Die Politik grübelt seither, was nun zu tun ist.
Während die Fraktion „Wir für Unna“ (WfU) eine Prüfung des Gutachtens in Auftrag gab, welches zu einem für die Stadt niederschmetternden Ergebnis kam: Die Halle werde bewusst „totgerechnet“, jede Schraube werde neu kalkuliert -, bringt die SPD die Alternative ins Spiel:
„Lasst uns die Bürger ein weiteres Mal fragen, was sie selbst wollen.“
Ein Instrument dazu wäre ein sogenannter Ratsbürgerentscheid, den wir unten erklären.
Zur Erinnerung: Dass die Eishalle saniert statt abgerissen wird, war dem Rat und der Stadtverwaltung durch einen Bürgerentscheid faktisch aufgezwungen worden. Dieses Mehrheitsvotum, das die Bürgerinitiative „Unna.braucht.Eis“ vor nun bald zwei Jahren herbeiführte (am 26. Mai 2019), setzte den zuvor gefassten Ratsbeschluss zum Hallenabriss außer Kraft.
Nach Ablauf von 3 Jahren ist der Stadtrat aber nicht mehr an den Bürgerentscheid gebunden. Am 26. Mai 2022 endet die Frist, und dann ist ein neuer Ratsbeschluss zur Eissporthalle möglich. Hingegen kann ein neuerlicher Bürgerentscheid zum selben Thema nicht unmittelbar erfolgen.
Das alles weiß die Bürgerinitiative, das weiß die Stadt und das wissen natürlich auch die politischen Akteure. Sie brüten nun darüber, was zu tun ist.

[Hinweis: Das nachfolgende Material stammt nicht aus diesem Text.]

(* Let $I\subseteq\mathbb R[x_1,\dots,x_n]$ be an ideal such that $\mathcal V_{\mathbb R}(I)$ has a convex-singular point. Then $I$ is not $\mathrm{TH}$-exact.
   Context: $\mathbb{R}[\mathbf x]_k$ denotes the polynomials of degree at most $k$. $\mathcal V_{\mathbb R}(I)=\{x\in\mathbb R^n: f(x)=0\ \forall f\in I\}$. A polynomial $h$ is $k$-sos modulo $I$ if there are $g_1,\dots,g_r\in\mathbb{R}[\mathbf x]_k$ with $h-\sum_i g_i^2\in I$. The $k$-th theta body is $\mathrm{TH}_k(I)=\{p\in\mathbb R^n: l(p)\ge 0$ for every $l\in\mathbb{R}[\mathbf x]_1$ that is $k$-sos modulo $I\}$. $I$ is $\mathrm{TH}_k$-exact if $\mathrm{TH}_k(I)=\operatorname{cl}(\operatorname{conv}(\mathcal V_{\mathbb R}(I)))$, and $\mathrm{TH}$-exact if it is $\mathrm{TH}_k$-exact for some $k$. For $p\in\mathcal V_{\mathbb R}(I)$, the tangent space $T_p(I)$ is the affine subspace through $p$ orthogonal to the linear span of the gradients $\nabla f(p)$ of all polynomials $f$ vanishing on $\mathcal V_{\mathbb R}(I)$. A point $p\in\mathcal V_{\mathbb R}(I)$ is convex-singular if it lies on the (relative) boundary of $\operatorname{conv}(\mathcal V_{\mathbb R}(I))$ and $T_p(I)$ intersects the relative interior of $\operatorname{conv}(\mathcal V_{\mathbb R}(I))$. *)

theory Defs
  imports "HOL-Analysis.Analysis"
begin

text \<open>Polynomials in R[x_1..x_n] are represented by the polynomial functions on real^'n
  (faithful since R is infinite).\<close>

definition monomial_fun :: "('n::finite \<Rightarrow> nat) \<Rightarrow> real^'n \<Rightarrow> real" where
  "monomial_fun \<alpha> x = (\<Prod>i\<in>UNIV. (x $ i) ^ \<alpha> i)"

definition poly_deg_le :: "nat \<Rightarrow> (real^'n::finite \<Rightarrow> real) \<Rightarrow> bool" where
  "poly_deg_le k f \<longleftrightarrow> (\<exists>c :: ('n \<Rightarrow> nat) \<Rightarrow> real.
      finite {\<alpha>. c \<alpha> \<noteq> 0} \<and> (\<forall>\<alpha>. c \<alpha> \<noteq> 0 \<longrightarrow> sum \<alpha> UNIV \<le> k) \<and>
      f = (\<lambda>x. \<Sum>\<alpha>\<in>{\<alpha>. c \<alpha> \<noteq> 0}. c \<alpha> * monomial_fun \<alpha> x))"

definition poly_fun :: "(real^'n::finite \<Rightarrow> real) \<Rightarrow> bool" where
  "poly_fun f \<longleftrightarrow> (\<exists>k. poly_deg_le k f)"

definition poly_ideal :: "(real^'n::finite \<Rightarrow> real) set \<Rightarrow> bool" where
  "poly_ideal I \<longleftrightarrow> I \<noteq> {} \<and> (\<forall>f\<in>I. poly_fun f) \<and>
     (\<forall>f\<in>I. \<forall>g\<in>I. (\<lambda>x. f x + g x) \<in> I) \<and>
     (\<forall>f\<in>I. \<forall>h. poly_fun h \<longrightarrow> (\<lambda>x. h x * f x) \<in> I)"

definition real_variety :: "(real^'n::finite \<Rightarrow> real) set \<Rightarrow> (real^'n) set" where
  "real_variety I = {x. \<forall>f\<in>I. f x = 0}"

definition sos_mod :: "(real^'n::finite \<Rightarrow> real) set \<Rightarrow> nat \<Rightarrow> (real^'n \<Rightarrow> real) \<Rightarrow> bool" where
  "sos_mod I k h \<longleftrightarrow> (\<exists>gs :: (real^'n \<Rightarrow> real) list.
      (\<forall>g\<in>set gs. poly_deg_le k g) \<and> (\<lambda>x. h x - (\<Sum>g\<leftarrow>gs. (g x)^2)) \<in> I)"

definition theta_body :: "nat \<Rightarrow> (real^'n::finite \<Rightarrow> real) set \<Rightarrow> (real^'n) set" where
  "theta_body k I = {p. \<forall>l. poly_deg_le 1 l \<and> sos_mod I k l \<longrightarrow> l p \<ge> 0}"

definition TH_exact_k :: "nat \<Rightarrow> (real^'n::finite \<Rightarrow> real) set \<Rightarrow> bool" where
  "TH_exact_k k I \<longleftrightarrow> theta_body k I = closure (convex hull (real_variety I))"

definition TH_exact :: "(real^'n::finite \<Rightarrow> real) set \<Rightarrow> bool" where
  "TH_exact I \<longleftrightarrow> (\<exists>k\<ge>1. TH_exact_k k I)"

definition gradient :: "(real^'n::finite \<Rightarrow> real) \<Rightarrow> real^'n \<Rightarrow> real^'n" where
  "gradient f p = (\<chi> i. frechet_derivative f (at p) (axis i 1))"

definition tangent_space :: "(real^'n::finite \<Rightarrow> real) set \<Rightarrow> real^'n \<Rightarrow> (real^'n) set" where
  "tangent_space I p = {x. \<forall>f. poly_fun f \<and> (\<forall>y\<in>real_variety I. f y = 0)
      \<longrightarrow> (x - p) \<bullet> gradient f p = 0}"

definition convex_singular :: "(real^'n::finite \<Rightarrow> real) set \<Rightarrow> real^'n \<Rightarrow> bool" where
  "convex_singular I p \<longleftrightarrow> p \<in> real_variety I \<and>
     p \<in> rel_frontier (convex hull (real_variety I)) \<and>
     tangent_space I p \<inter> rel_interior (convex hull (real_variety I)) \<noteq> {}"

end

theory Submission
  imports Defs
begin

(* Let p be a convex-singular point of V = V_R(I), with H = conv V, and q a point of
   T_p(I) in the relative interior of H.  Suppose TH_k(I) = cl H.
   1. Linear algebra: the functional g |-> grad g(p) . (q - p) on polynomials of degree
      at most k kills every polynomial vanishing on V, hence by finite-dimensional
      duality it equals a finite combination  sum_{y in F} lam_y g(y)  of evaluations
      at points y of V.
   2. If l is linear and l = sum g_i^2 mod I, then l - sum g_i^2 vanishes on V, so its
      derivative along q - p is zero; this expresses l q - l p through the cross terms
      g_i(y) g_i(p), which are bounded by eps l(p) + l(y) / eps.  Since q is relatively
      interior and l >= 0 on H, l(y) <= K l(q); altogether l q <= C l p for a constant C
      independent of l (lemma tangent_sos_bound).
   3. The point r = p + s (p - q) lies outside cl H for every s > 0 because p is on the
      relative boundary; a separating k-sos l with l r < 0 contradicts step 2 for small s. *)

lemma monomial_differentiable: "monomial_fun \<alpha> differentiable (at x)"
proof -
  have "\<And>i. (\<lambda>x. (x $ i) ^ \<alpha> i) differentiable (at x)"
    by (intro differentiable_power bounded_linear_imp_differentiable bounded_linear_vec_nth)
  then have "\<And>i. ((\<lambda>x. (x $ i) ^ \<alpha> i) has_derivative
      frechet_derivative (\<lambda>x. (x $ i) ^ \<alpha> i) (at x)) (at x)"
    using frechet_derivative_works by blast
  then have "((\<lambda>x. \<Prod>i\<in>UNIV. (x $ i) ^ \<alpha> i) has_derivative
      (\<lambda>y. \<Sum>i\<in>UNIV. frechet_derivative (\<lambda>x. (x $ i) ^ \<alpha> i) (at x) y
                      * (\<Prod>j\<in>UNIV - {i}. (x $ j) ^ \<alpha> j))) (at x)"
    by (intro has_derivative_prod) blast
  then show ?thesis unfolding monomial_fun_def[abs_def] differentiable_def by blast
qed

lemma poly_deg_le_has_derivative:
  assumes "poly_deg_le k f"
  shows "(f has_derivative frechet_derivative f (at x)) (at x)"
proof -
  have "f differentiable (at x)"
    using assms unfolding poly_deg_le_def
    by (auto intro!: differentiable_sum differentiable_mult monomial_differentiable
             simp: differentiable_const)
  then show ?thesis using frechet_derivative_works by blast
qed
(* On $\overline{M_0}$ and on $\overline{M_{-1}}$ one has $\overline\delta\circ\overline{j^{aro}}=\overline{j^{aro}}\circ\overline\partial$.
   Context: Fix a finite set $C$ and a field of characteristic zero. Monomials $x^{\mathbf k}=\prod(x^a_j)^{k^a_j}$ in variables $x^a_j$ ($a\in C$, $j\ge-1$) have weight $\sum jk^a_j$, and $\mathbf k!=\prod k^a_j!$. $\overline{M_0}$ (resp. $\overline{M_{-1}}$) is a copy of the span of monomials of weight $\ge0$ (resp. $\ge-1$), the two copies being regarded as distinct. The transpose derivation is $\overline\partial x^{\mathbf k}=\sum_{j\ge0,a}k^a_jx^{\mathbf k-\mathbf e^a_j+\mathbf e^a_{j-1}}$ (acting within each copy). A tree (resp. aroma) is a finite connected directed graph with $C$-decorated vertices in which every vertex has exactly one outgoing edge except one root (resp. every vertex has exactly one outgoing edge). A tree or aroma with free edges assigns to each vertex $v$ a number $r_v\ge0$ of free edges; objects are up to isomorphism preserving decorations and the $r_v$; $\sigma(\tau)$ is the number of such automorphisms. $\overline\delta=\sum_v\overline\delta_v$ where $\overline\delta_v$ removes one free edge at $v$ (zero if $r_v=0$). With $f(v)$ the number of non-free edges ending at $v$, $\overline\Phi(\tau)=\prod_vx^{d(v)}_{f(v)+r_v-1}$. Define $\overline{j^{aro}}(x^{\kappa})=\sum_{a}\frac{\kappa!}{\sigma(a)}a$ for $x^\kappa\in\overline{M_0}$, summing over aromas with free edges with $\overline\Phi(a)=x^\kappa$, and $\overline{j^{aro}}(x^{\mathbf k})=\sum_t\frac{\mathbf k!}{\sigma(t)}t$ for $x^{\mathbf k}\in\overline{M_{-1}}$, summing over trees with free edges with $\overline\Phi(t)=x^{\mathbf k}$ (empty sums are $0$), extended linearly. *)

theory Defs
  imports Main "HOL-Library.FuncSet"
begin

text \<open>A monomial x^k is represented by its exponent function k on pairs (a,j);
  it is a genuine monomial iff it has finite support and k(a,j) = 0 for j < -1.\<close>

type_synonym 'c expo = "'c \<times> int \<Rightarrow> nat"

definition is_monom :: "'c expo \<Rightarrow> bool" where
  "is_monom k \<longleftrightarrow> finite {v. k v \<noteq> 0} \<and> (\<forall>a j. j < -1 \<longrightarrow> k (a, j) = 0)"

definition weight :: "'c expo \<Rightarrow> int" where
  "weight k = (\<Sum>v\<in>{v. k v \<noteq> 0}. snd v * int (k v))"

definition mfact :: "'c expo \<Rightarrow> nat" where
  "mfact k = (\<Prod>v\<in>{v. k v \<noteq> 0}. fact (k v))"

text \<open>Linear combinations (over a field 'k) of elements of type 'b are
  finitely supported functions 'b => 'k; linear extension of a map on basis elements:\<close>

definition lin_ext :: "('b \<Rightarrow> 'd \<Rightarrow> 'k::comm_ring_1) \<Rightarrow> ('b \<Rightarrow> 'k) \<Rightarrow> ('d \<Rightarrow> 'k)" where
  "lin_ext F L = (\<lambda>y. \<Sum>x\<in>{x. L x \<noteq> 0}. L x * F x y)"

definition fin_supp :: "('b \<Rightarrow> 'k::zero) \<Rightarrow> bool" where
  "fin_supp L \<longleftrightarrow> finite {x. L x \<noteq> 0}"

definition shift :: "'c expo \<Rightarrow> 'c \<Rightarrow> int \<Rightarrow> 'c expo" where
  "shift k a j = k((a, j) := k (a, j) - 1, (a, j - 1) := k (a, j - 1) + 1)"

definition dbar_mono :: "'c expo \<Rightarrow> 'c expo \<Rightarrow> 'k::comm_ring_1" where
  "dbar_mono k k' = (\<Sum>p\<in>{(a, j). j \<ge> 0 \<and> k (a, j) > 0 \<and> k' = shift k a j}. of_nat (k p))"

definition dbar :: "('c expo \<Rightarrow> 'k::comm_ring_1) \<Rightarrow> ('c expo \<Rightarrow> 'k)" where
  "dbar = lin_ext dbar_mono"

text \<open>Concrete labelled graph on vertices {0..<nv g}: out v = Some w is the unique
  outgoing (non-free) edge v -> w, None if v has no outgoing edge; dec v is the
  decoration; fr v = r_v is the number of free edges at v.\<close>

datatype 'c fg = FG (nv: nat) (out: "nat \<Rightarrow> nat option") (dec: "nat \<Rightarrow> 'c") (fr: "nat \<Rightarrow> nat")

definition wf_fg :: "'c fg \<Rightarrow> bool" where
  "wf_fg g \<longleftrightarrow> (\<forall>v<nv g. \<forall>w. out g v = Some w \<longrightarrow> w < nv g)"

definition adj :: "'c fg \<Rightarrow> (nat \<times> nat) set" where
  "adj g = {(v, w). v < nv g \<and> w < nv g \<and> (out g v = Some w \<or> out g w = Some v)}"

definition connected_fg :: "'c fg \<Rightarrow> bool" where
  "connected_fg g \<longleftrightarrow> nv g \<ge> 1 \<and> (\<forall>v<nv g. \<forall>w<nv g. (v, w) \<in> (adj g)\<^sup>*)"

definition is_tree :: "'c fg \<Rightarrow> bool" where
  "is_tree g \<longleftrightarrow> wf_fg g \<and> connected_fg g \<and> card {v. v < nv g \<and> out g v = None} = 1"

definition is_aroma :: "'c fg \<Rightarrow> bool" where
  "is_aroma g \<longleftrightarrow> wf_fg g \<and> connected_fg g \<and> (\<forall>v<nv g. out g v \<noteq> None)"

„Die SPD-Fraktion hat mehrere Sitzungen zu dem komplexen Thema zeitnah eingeplant. Denn eine Entscheidung soll möglichst
noch vor Beginn der Sommerferien fallen“, erklären die Sozialdemokraten. Sie wollen bis dahin auch Vertreter von
Eissportvereinen anhören, die sich nachdrücklich für den Erhalt der Halle einsetzen und das Bürgerbegehren vor zwei
Jahren mit auf den Weg gebracht hatten.
„Schon jetzt ist klar: Angesichts der enormen Summe, die die Stadt Unna in die Eissporthalle trotz angespannter Haushaltslage und noch nicht absehbarer Corona-Folgen für die Kommune investieren muss, denken die Sozialdemokraten über mehrere Varianten nach“, so die aktuelle Position der SPD. Sie zählen auf:
- Variante I – Erhalt: „Die Stadt Unna folgt dem Bürgerentscheid von 2019 und erhält die Eissporthalle an ihrem Standort am Bergenkamp. Die 12,5 Millionen Euro Minimum, die gleich mehrere externe Fachleute im Haupt- und Finanzausschuss ausführlich begründet haben, sollen dann investiert werden. Wer die Eishalle anschließend betreibt, ob die Wirtschaftsbetriebe Unna als Eigentümerin oder ein möglicher Pächter, wäre noch zu klären. Beginn der Sanierungsarbeiten: 2022.“
- Variante II – Neubau: „Bei so hohen Sanierungskosten für ein mehr als 40 Jahre altes Gebäude lohnt es sich, über einen Neubau als Alternative nachzudenken. Dies könnte am alten Standort Bergenkamp oder auf einer anderen, gut angebundenen Fläche geschehen. Die SPD-Ratsvertreter aus Massen nennen vor diesem Hintergrund das Areal des Freizeitbades nahe der Kleistraße als Möglichkeit. Eingebunden werden in den neuen „SportCampus“ könnte ein Ersatz für das Lehrschwimmbecken in Massen.“
Variante III – Nachfragen: Seit dem Durchsetzen des Bürgerentscheids vor 2 Jahren sei viel geschehen, merken die Genossen an. Vor allem die pandemische Lage halte auch Unna fest im Griff. Also könne man die Unnaerinnen und Unnaer doch zu diesem Zeitpunkt noch einnal fragen:
„Wollen die Bürgerinnen und Bürger wirklich immer noch den Erhalt der Eissporthalle um jeden Preis? Um das herauszufinden, könnte ein Ratsbürgerentscheid angestoßen werden, der die Menschen noch einmal um ihre Stimme bittet.“
Rechtlich, betont die SPD, sei die Stadt allerdings nicht dazu verpflichtet. Am 26. Mai 2021 läuft die Bindung an den Bürgerentscheid ohnehin aus.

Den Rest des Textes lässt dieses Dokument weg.